What is required
Below are entries; copy exactly the lines from the one with "1) = lam_of" through the one with "unfolding y1 by", both included, and leave out the rest.

Input material
******

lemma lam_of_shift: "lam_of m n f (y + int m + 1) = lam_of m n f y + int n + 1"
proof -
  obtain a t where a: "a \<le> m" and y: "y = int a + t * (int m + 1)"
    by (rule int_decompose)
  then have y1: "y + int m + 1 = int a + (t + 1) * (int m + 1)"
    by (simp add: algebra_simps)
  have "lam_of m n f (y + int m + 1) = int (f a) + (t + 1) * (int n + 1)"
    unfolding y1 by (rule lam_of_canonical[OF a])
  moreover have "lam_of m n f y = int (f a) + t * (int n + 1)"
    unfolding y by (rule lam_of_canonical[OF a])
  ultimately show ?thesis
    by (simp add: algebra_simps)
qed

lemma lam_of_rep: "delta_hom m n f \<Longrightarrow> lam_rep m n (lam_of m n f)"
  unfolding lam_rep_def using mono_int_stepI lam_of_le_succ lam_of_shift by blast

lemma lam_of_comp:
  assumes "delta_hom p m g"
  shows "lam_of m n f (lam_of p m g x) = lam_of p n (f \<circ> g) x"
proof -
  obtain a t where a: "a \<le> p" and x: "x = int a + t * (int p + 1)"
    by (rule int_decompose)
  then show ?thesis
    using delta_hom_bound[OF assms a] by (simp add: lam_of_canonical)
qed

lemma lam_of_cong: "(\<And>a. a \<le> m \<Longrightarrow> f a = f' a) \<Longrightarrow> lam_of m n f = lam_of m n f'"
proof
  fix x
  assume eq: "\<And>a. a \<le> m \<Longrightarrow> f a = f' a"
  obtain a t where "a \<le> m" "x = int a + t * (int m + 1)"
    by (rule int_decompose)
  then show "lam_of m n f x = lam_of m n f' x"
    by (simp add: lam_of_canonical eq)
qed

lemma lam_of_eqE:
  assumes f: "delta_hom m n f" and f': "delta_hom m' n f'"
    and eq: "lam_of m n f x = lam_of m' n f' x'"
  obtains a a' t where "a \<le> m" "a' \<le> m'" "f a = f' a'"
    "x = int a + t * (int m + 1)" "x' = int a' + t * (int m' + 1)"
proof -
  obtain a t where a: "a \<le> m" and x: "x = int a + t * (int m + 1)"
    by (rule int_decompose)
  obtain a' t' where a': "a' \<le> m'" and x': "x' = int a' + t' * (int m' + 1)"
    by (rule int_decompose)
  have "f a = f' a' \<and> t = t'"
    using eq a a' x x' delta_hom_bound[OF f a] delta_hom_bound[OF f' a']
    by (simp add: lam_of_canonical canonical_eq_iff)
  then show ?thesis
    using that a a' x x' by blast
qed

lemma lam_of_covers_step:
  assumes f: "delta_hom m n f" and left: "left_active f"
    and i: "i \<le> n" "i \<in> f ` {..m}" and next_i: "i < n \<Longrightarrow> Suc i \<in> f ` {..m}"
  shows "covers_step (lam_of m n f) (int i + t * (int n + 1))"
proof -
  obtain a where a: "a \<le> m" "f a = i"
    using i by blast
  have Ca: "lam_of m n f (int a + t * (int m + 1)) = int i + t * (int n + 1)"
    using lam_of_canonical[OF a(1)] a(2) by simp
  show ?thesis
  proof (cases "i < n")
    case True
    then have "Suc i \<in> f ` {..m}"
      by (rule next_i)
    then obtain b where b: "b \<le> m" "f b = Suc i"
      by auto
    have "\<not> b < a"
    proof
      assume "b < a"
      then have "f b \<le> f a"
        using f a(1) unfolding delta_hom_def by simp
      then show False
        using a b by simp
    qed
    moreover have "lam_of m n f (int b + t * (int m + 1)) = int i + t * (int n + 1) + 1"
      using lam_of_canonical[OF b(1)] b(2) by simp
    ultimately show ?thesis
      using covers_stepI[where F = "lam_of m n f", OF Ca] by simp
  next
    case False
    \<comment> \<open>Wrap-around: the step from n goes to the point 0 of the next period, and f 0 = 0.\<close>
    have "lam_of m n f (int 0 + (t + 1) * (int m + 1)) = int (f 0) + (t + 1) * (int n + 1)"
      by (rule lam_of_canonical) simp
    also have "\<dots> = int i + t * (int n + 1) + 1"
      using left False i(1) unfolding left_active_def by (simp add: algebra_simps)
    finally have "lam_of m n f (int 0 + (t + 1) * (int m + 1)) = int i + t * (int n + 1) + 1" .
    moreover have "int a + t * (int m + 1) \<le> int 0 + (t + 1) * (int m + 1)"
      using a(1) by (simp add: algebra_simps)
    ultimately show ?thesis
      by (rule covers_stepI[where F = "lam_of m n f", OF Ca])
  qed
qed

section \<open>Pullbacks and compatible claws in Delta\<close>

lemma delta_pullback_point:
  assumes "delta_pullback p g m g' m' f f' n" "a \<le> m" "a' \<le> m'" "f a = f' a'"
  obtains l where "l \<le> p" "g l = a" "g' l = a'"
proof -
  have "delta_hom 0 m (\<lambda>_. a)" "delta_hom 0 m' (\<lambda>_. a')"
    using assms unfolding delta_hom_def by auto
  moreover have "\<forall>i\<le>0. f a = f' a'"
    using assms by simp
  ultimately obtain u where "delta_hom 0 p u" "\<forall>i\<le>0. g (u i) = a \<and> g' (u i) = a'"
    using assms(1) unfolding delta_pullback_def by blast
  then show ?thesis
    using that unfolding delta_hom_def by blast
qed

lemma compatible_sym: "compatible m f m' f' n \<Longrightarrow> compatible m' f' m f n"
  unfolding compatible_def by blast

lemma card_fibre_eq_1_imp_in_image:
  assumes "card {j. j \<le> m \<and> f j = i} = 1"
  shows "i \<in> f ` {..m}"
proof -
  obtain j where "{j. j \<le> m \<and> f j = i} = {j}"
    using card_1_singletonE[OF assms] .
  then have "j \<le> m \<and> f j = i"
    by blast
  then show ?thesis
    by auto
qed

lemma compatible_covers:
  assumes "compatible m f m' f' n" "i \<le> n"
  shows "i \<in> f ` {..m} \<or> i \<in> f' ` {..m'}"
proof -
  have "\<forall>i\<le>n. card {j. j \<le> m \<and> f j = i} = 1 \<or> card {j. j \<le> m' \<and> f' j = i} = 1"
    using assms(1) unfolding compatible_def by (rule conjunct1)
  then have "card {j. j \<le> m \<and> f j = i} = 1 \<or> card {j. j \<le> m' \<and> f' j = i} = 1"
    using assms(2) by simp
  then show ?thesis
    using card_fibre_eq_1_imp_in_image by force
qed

******

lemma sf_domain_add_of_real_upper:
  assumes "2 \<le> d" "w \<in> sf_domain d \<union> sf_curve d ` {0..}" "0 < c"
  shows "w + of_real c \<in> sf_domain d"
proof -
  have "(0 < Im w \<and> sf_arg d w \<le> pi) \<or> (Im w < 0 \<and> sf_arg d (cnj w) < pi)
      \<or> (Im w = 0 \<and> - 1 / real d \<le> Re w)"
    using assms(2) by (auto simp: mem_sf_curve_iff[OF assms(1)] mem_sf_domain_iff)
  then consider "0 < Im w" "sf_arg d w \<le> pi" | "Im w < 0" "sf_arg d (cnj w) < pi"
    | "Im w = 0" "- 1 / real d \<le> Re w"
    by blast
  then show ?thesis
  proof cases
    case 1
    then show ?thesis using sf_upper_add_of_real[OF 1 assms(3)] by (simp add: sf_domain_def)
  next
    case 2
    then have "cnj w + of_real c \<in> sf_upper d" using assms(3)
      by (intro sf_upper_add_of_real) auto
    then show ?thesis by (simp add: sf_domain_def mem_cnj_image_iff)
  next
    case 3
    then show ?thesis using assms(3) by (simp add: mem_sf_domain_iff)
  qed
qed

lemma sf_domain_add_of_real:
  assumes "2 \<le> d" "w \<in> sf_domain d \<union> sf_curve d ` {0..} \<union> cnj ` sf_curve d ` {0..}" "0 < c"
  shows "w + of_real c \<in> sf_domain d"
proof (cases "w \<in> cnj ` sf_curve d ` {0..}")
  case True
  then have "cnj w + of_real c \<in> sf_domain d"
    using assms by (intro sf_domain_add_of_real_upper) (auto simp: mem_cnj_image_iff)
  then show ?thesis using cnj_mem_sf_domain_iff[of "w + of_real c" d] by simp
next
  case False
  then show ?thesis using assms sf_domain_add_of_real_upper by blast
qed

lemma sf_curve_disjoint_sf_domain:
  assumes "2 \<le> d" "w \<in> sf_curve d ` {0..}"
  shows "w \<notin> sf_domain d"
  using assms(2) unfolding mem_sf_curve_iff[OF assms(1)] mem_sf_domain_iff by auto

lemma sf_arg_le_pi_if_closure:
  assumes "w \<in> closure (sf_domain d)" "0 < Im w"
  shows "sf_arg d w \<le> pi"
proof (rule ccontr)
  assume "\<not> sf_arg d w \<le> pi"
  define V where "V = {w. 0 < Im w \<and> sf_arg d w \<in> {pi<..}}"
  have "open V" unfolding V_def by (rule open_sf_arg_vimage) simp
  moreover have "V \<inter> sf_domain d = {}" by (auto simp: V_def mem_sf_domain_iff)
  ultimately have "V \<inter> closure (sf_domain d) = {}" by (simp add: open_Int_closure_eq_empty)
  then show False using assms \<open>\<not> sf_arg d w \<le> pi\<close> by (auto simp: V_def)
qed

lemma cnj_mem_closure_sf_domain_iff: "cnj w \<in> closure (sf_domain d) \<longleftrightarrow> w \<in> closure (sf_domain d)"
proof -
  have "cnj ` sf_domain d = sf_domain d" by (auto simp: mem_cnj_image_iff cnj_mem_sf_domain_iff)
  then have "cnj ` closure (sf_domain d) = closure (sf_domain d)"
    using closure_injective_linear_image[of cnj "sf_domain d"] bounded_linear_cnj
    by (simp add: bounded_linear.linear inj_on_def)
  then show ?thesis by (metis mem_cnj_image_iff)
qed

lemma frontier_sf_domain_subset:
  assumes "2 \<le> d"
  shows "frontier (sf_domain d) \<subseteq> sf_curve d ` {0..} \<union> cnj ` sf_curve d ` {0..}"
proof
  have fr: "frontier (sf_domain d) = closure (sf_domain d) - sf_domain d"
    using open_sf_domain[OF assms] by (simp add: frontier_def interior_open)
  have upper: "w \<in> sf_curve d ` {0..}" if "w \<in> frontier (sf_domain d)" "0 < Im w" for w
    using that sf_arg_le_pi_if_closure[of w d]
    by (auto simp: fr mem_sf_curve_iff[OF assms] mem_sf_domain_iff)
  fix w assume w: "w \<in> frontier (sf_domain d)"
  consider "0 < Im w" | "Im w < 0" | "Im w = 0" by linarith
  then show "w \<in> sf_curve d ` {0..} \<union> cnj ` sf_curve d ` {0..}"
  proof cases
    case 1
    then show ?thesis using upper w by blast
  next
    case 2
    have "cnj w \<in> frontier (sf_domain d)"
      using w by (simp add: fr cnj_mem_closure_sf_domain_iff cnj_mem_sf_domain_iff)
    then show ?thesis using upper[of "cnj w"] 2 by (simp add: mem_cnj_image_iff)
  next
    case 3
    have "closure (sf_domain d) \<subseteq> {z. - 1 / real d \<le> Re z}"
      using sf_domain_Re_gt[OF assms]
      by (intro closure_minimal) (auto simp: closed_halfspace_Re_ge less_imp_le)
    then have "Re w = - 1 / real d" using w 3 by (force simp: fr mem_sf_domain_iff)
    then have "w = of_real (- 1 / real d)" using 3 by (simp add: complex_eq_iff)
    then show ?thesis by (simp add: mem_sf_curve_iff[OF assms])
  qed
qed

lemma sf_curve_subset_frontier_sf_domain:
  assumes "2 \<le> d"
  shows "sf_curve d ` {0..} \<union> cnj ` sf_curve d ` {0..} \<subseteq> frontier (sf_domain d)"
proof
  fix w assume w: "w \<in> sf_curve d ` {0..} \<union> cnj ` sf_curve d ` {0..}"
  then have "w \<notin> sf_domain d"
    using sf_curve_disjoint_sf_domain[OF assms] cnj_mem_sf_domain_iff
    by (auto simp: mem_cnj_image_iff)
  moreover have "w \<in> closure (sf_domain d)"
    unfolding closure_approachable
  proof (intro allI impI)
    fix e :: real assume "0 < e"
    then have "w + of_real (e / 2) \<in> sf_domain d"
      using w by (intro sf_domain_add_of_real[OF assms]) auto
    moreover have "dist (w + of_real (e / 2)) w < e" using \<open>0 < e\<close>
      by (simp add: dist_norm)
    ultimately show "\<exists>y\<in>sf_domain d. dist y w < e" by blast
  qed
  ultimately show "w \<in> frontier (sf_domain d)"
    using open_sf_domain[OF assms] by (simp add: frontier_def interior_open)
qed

******

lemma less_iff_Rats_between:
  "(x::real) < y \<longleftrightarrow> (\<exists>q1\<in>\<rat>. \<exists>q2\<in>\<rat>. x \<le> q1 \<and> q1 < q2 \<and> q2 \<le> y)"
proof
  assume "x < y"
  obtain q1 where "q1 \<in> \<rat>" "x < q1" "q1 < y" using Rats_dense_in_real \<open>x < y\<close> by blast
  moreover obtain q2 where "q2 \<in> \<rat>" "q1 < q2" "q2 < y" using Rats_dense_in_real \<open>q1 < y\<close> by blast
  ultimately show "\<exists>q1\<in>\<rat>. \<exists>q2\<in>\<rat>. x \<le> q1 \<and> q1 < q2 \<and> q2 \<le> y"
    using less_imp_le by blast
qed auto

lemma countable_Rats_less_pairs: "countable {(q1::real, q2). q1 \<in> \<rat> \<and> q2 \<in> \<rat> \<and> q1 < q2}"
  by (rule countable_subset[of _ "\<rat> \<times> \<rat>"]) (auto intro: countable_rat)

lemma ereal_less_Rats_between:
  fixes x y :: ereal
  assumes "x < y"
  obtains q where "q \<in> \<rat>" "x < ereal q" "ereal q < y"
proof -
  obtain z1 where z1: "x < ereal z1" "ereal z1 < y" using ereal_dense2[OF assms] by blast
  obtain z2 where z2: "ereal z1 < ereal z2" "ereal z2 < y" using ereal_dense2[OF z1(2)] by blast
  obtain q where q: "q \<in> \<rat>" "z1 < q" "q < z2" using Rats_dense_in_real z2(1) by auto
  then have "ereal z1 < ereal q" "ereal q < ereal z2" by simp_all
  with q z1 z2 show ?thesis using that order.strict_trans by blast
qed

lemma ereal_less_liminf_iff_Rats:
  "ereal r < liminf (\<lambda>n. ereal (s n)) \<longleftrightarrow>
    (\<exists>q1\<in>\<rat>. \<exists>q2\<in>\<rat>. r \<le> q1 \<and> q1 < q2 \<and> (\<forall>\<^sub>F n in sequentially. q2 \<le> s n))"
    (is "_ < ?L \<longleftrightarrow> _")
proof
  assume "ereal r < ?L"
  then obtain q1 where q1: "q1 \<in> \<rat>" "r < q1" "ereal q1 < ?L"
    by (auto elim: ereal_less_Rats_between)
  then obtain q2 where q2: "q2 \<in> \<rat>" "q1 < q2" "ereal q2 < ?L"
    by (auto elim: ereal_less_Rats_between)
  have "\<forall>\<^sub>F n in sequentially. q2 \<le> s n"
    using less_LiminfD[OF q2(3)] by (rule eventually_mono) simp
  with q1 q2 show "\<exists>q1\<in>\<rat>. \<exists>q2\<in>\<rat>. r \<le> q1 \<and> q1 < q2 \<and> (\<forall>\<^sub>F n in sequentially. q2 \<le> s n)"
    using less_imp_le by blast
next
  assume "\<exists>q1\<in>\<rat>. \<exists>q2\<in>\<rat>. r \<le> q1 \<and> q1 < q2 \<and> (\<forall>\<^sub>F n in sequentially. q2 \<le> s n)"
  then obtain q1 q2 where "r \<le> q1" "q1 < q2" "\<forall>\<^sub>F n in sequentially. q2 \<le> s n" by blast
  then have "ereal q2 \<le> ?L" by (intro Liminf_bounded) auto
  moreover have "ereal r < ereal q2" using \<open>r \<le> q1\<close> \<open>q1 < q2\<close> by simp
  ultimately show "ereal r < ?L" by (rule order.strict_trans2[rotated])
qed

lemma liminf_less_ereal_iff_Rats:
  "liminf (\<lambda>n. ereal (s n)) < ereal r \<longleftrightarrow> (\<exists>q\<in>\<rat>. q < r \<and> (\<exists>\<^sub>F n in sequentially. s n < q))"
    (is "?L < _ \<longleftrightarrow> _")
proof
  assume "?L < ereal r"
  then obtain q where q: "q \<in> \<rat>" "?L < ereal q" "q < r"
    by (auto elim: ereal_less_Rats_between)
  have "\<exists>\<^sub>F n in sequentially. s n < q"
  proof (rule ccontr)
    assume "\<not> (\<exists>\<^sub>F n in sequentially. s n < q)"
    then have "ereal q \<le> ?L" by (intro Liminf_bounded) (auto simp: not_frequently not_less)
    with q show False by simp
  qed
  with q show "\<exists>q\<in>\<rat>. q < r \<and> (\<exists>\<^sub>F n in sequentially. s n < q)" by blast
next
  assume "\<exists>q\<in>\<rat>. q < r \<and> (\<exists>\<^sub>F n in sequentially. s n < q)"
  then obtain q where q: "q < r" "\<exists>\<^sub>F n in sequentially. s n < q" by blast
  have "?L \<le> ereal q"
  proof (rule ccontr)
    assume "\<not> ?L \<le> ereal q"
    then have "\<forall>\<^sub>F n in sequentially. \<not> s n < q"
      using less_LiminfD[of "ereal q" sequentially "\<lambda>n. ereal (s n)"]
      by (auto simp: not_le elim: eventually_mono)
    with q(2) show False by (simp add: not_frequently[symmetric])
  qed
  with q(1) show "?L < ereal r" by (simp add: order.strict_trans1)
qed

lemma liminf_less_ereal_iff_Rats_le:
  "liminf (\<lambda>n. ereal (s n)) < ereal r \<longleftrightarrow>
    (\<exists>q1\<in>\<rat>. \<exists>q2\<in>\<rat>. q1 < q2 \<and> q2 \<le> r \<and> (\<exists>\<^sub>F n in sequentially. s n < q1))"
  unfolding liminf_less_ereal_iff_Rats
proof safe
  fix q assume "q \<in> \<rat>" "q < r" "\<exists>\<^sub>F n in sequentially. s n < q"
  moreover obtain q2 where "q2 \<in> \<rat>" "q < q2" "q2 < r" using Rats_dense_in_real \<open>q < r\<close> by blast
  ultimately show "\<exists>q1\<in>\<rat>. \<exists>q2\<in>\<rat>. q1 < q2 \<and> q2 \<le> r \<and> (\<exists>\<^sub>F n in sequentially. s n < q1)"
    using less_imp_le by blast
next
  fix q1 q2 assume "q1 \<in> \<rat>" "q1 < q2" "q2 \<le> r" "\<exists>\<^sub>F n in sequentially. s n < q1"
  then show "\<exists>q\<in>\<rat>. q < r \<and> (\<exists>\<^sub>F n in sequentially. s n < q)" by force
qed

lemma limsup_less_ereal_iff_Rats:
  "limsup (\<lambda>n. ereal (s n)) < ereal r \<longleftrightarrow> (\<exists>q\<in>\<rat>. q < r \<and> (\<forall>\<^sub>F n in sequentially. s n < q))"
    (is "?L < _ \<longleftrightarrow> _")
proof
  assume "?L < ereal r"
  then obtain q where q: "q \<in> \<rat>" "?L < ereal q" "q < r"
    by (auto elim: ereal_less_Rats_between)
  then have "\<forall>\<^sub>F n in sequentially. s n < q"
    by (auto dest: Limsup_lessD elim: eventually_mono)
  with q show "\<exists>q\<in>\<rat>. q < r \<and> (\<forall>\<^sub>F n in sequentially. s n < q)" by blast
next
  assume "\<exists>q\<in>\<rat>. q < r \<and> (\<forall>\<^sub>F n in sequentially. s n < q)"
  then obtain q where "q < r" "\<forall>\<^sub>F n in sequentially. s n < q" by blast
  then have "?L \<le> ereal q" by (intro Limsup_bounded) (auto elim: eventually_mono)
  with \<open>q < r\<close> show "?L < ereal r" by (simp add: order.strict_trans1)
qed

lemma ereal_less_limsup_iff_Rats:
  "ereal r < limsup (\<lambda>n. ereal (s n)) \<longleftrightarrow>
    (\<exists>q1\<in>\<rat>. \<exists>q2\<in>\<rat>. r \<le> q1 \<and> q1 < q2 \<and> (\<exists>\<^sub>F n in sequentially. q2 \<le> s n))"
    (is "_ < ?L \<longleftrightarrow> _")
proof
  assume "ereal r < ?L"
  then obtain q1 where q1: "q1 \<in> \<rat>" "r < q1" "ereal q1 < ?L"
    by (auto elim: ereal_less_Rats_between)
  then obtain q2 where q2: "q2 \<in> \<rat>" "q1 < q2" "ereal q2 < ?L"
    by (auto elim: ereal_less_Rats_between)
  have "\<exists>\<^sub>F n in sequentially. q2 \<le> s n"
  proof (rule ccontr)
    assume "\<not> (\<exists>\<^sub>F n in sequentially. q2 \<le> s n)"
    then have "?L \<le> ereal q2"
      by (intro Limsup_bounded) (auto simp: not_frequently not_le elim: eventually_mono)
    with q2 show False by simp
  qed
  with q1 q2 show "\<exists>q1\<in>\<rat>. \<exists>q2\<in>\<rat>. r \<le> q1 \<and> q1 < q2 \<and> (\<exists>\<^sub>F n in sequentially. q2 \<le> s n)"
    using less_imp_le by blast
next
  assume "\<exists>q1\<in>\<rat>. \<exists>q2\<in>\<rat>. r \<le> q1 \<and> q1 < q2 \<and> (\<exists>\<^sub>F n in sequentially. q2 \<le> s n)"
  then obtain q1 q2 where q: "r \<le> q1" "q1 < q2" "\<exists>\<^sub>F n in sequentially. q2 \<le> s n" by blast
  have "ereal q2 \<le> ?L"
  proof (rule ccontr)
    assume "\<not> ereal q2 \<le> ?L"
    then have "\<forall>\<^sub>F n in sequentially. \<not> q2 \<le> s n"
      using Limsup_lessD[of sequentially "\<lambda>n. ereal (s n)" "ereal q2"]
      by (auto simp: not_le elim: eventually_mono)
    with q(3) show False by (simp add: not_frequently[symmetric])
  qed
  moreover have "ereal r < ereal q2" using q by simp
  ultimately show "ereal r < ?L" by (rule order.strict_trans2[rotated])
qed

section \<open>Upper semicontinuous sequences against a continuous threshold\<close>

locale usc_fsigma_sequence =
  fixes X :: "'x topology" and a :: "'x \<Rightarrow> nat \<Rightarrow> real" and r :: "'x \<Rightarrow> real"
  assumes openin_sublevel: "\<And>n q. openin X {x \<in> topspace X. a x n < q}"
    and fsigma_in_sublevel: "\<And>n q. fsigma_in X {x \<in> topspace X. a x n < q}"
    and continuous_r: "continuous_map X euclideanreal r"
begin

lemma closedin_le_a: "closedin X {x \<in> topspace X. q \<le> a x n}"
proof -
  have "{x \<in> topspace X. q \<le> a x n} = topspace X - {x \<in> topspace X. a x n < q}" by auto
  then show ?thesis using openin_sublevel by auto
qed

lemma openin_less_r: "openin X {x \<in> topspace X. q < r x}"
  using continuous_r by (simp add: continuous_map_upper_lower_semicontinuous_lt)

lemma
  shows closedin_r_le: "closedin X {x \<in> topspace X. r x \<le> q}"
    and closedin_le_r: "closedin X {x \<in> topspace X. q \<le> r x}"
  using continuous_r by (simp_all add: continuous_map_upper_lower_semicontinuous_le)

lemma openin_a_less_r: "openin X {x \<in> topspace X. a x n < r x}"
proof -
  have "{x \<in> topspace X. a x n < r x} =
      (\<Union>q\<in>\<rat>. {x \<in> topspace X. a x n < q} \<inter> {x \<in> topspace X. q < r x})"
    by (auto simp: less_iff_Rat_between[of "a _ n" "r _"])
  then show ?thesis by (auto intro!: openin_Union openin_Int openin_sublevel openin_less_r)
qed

******

Output for this exercise
lemma lam_of_shift: "lam_of m n f (y + int m + 1) = lam_of m n f y + int n + 1"
proof -
  obtain a t where a: "a \<le> m" and y: "y = int a + t * (int m + 1)"
    by (rule int_decompose)
  then have y1: "y + int m + 1 = int a + (t + 1) * (int m + 1)"
    by (simp add: algebra_simps)
  have "lam_of m n f (y + int m + 1) = int (f a) + (t + 1) * (int n + 1)"
    unfolding y1 by (rule lam_of_canonical[OF a])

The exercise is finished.